May 18, 2014, 7:43 AM EDT

England's Wayne Rooney celebrates after scoring during their 2014 World Cup qualifying soccer match against Poland at Wembley Stadium in London Reuters

It’s not often that you hear English soccer coaches advising their players to draw their inspiration from American film stars. But Roy Hodgson knows he needs to get through to Wayne Rooney in any way possible. Since bursting on to the scene in Euro 2004, at just 18, Rooney has struggled to make much of an impression in international tournaments.

So, too, have England. They made it to the quarter-finals of both Euro 2004 and the 2006 World Cup, but then failed to qualify for Euro 2008 and had a disappointing campaign in South Africa in 2010, when they went out in the first knockout round. And England being England, they were knocked out of Euro 2012 in the quarter-finals in the most English of ways, losing to Italy on penalties.

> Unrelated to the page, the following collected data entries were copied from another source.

text \<open>The entries of \<open>C A\<^sup>k B\<close> satisfy a common linear recurrence. Ordering its characteristic
  roots by modulus, either all entries vanish eventually, or a dominant root of some modulus
  \<open>\<sigma> \<in> (0, 1)\<close> survives. In the first case the norm \<open>g d\<close> of the tail
  \<open>H_{0,d,d} - H_{0,\<infinity>,\<infinity>}\<close> vanishes for large \<open>d\<close>, and \<open>d_*(T)\<close> is eventually constant.
  In the second case \<open>c \<sigma> ^ d \<le> g d \<le> M (sqrt \<sigma>) ^ d\<close>: from below because the tail contains
  single entries of that size, from above by its Hilbert-Schmidt norm. As the statistical term
  decays like \<open>sqrt (log T / T)\<close>, \<open>d_*(T)\<close> then grows like \<open>log T / log (1/\<sigma>)\<close> up to a
  bounded factor, which \<open>\<kappa>/8\<close> absorbs.\<close>

section \<open>Linear recurrences and shift operators\<close>

definition shift_sub :: "complex \<Rightarrow> (nat \<Rightarrow> complex) \<Rightarrow> nat \<Rightarrow> complex" where
  "shift_sub \<mu> f k = f (Suc k) - \<mu> * f k"

fun shift_subs :: "complex list \<Rightarrow> (nat \<Rightarrow> complex) \<Rightarrow> nat \<Rightarrow> complex" where
  "shift_subs [] f = f"
| "shift_subs (\<mu> # \<mu>s) f = shift_sub \<mu> (shift_subs \<mu>s f)"

lemma shift_sub_commute: "shift_sub \<mu> (shift_sub \<nu> f) = shift_sub \<nu> (shift_sub \<mu> f)"
  by (rule ext) (simp add: shift_sub_def algebra_simps)
lemma is_norm_le_norm: "\<exists>C>0. \<forall>x. nrm x \<le> C * norm x"
proof -
  define C where "C = 1 + (\<Sum>b\<in>Basis. nrm (b::real^'n))"
  have "nrm x \<le> C * norm x" for x :: "real^'n"
  proof -
    have "nrm x = nrm (\<Sum>b\<in>Basis. (x \<bullet> b) *\<^sub>R b)" by (simp add: euclidean_representation)
    also have "\<dots> \<le> (\<Sum>b\<in>Basis. nrm ((x \<bullet> b) *\<^sub>R b))" by (rule is_norm_sum_le) simp
    also have "\<dots> = (\<Sum>b\<in>Basis. \<bar>x \<bullet> b\<bar> * nrm b)" by (simp add: is_norm_scaleR)
    also have "\<dots> \<le> (\<Sum>b\<in>Basis. norm x * nrm b)"
      by (intro sum_mono mult_right_mono Basis_le_norm is_norm_nonneg)
    also have "\<dots> \<le> C * norm x" unfolding C_def by (simp add: sum_distrib_left algebra_simps)
    finally show ?thesis .
  qed
  moreover have "C > 0" unfolding C_def by (simp add: add_pos_nonneg sum_nonneg is_norm_nonneg)
  ultimately show ?thesis by blast
qed

lemma is_norm_continuous: "continuous_on UNIV nrm"
proof -
  obtain C where C: "C > 0" "\<And>x. nrm x \<le> C * norm x" using is_norm_le_norm by blast
  have "C-lipschitz_on UNIV nrm"
  proof (rule lipschitz_onI)
    fix x y :: "real^'n"
    have "dist (nrm x) (nrm y) \<le> nrm (x - y)" using is_norm_reverse_triangle by (simp add: dist_real_def)
    also have "\<dots> \<le> C * dist x y" using C(2)[of "x - y"] by (simp add: dist_norm)
    finally show "dist (nrm x) (nrm y) \<le> C * dist x y" .
  qed (use C in auto)
  then show ?thesis by (rule lipschitz_on_continuous_on)
qed

lemma isCont_is_norm: "isCont nrm x"
  using is_norm_continuous continuous_on_eq_continuous_at[of UNIV nrm] by simp

text \<open>\<open>nrm\<close> attains a positive minimum on the Euclidean sphere.\<close>
lemma is_norm_ge_norm: "\<exists>c>0. \<forall>x. c * norm x \<le> nrm x"
proof -
  have "sphere (0::real^'n) 1 \<noteq> {}" by (simp add: sphere_eq_empty)
  then obtain x0 where x0: "x0 \<in> sphere (0::real^'n) 1" "\<And>y. y \<in> sphere 0 1 \<Longrightarrow> nrm x0 \<le> nrm y"
    using continuous_attains_inf[OF compact_sphere _ continuous_on_subset[OF is_norm_continuous]] by blast
  have "nrm x0 * norm x \<le> nrm x" for x
  proof (cases "x = 0")
    case False
    then have "nrm x0 \<le> nrm ((1 / norm x) *\<^sub>R x)" by (intro x0(2)) simp
    also have "\<dots> = nrm x / norm x" by (simp add: is_norm_scaleR)
    finally show ?thesis using False by (simp add: field_simps)
  qed (simp add: is_norm_zero)
  moreover have "nrm x0 > 0" using x0(1) is_norm_nonneg[of x0] is_norm_eq_0_iff[of x0] by auto
  ultimately show ?thesis by blast
qed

But Rooney was suspended for the start of that last major tournament. On his return, he scored the only goal, giving his team the 1-0 win over Ukraine. He was also one of only two English players to score their penalties against Gigi Buffon.

Yet at times Rooney has shown himself a tad undisciplined. He got himself suspended for the first two Euro group stage matches after he kicked out at Miodrag Džudović in England’s draw with Montenegro. He was sent off for a stomp on Ricardo Carvalho in 2006, with England going on to lose to Portugal on penalties. So is giving him advice connecting him to Michael Corleone of the Godfather movies really the best idea?

Hodgson went for it, anyway. Talking about Rooney’s need to rise to the occasion in Brazil, the England coach said:

I’m sure it must be the same for Hollywood film stars,” he added. “I’m sure you make your first film and nobody knows much about you and you get some good reviews. But one day you’re going to be Al Pacino, you’re going to be Jack Nicholson. And, suddenly, you’ve got to make a f—— good film.

Not sure if Pacino is quite the right analogy, however. It only took Al a couple of years after making his first film for Francis Ford Coppala to take notice and cast him in The Godfather. He then collected Oscar nominations, along with stellar reviews. Whereas Rooney’s been subject to much criticism after his initial foray onto the world stage, when he scored four goals at Euro 2004.

But Pacino did hit a bit of a rough patch in the early 1980s, taking on some controversial roles. Then came Scarface, just over ten years after The Godfather. The movie was huge at the box office, met with critical acclaim and even earned Pacino a Golden Globe.

So perhaps what Hodgson is saying to Rooney is: it’s time to make your Scarface, son.

Although, one presumes, without the mountain of cocaine and the assault rifle.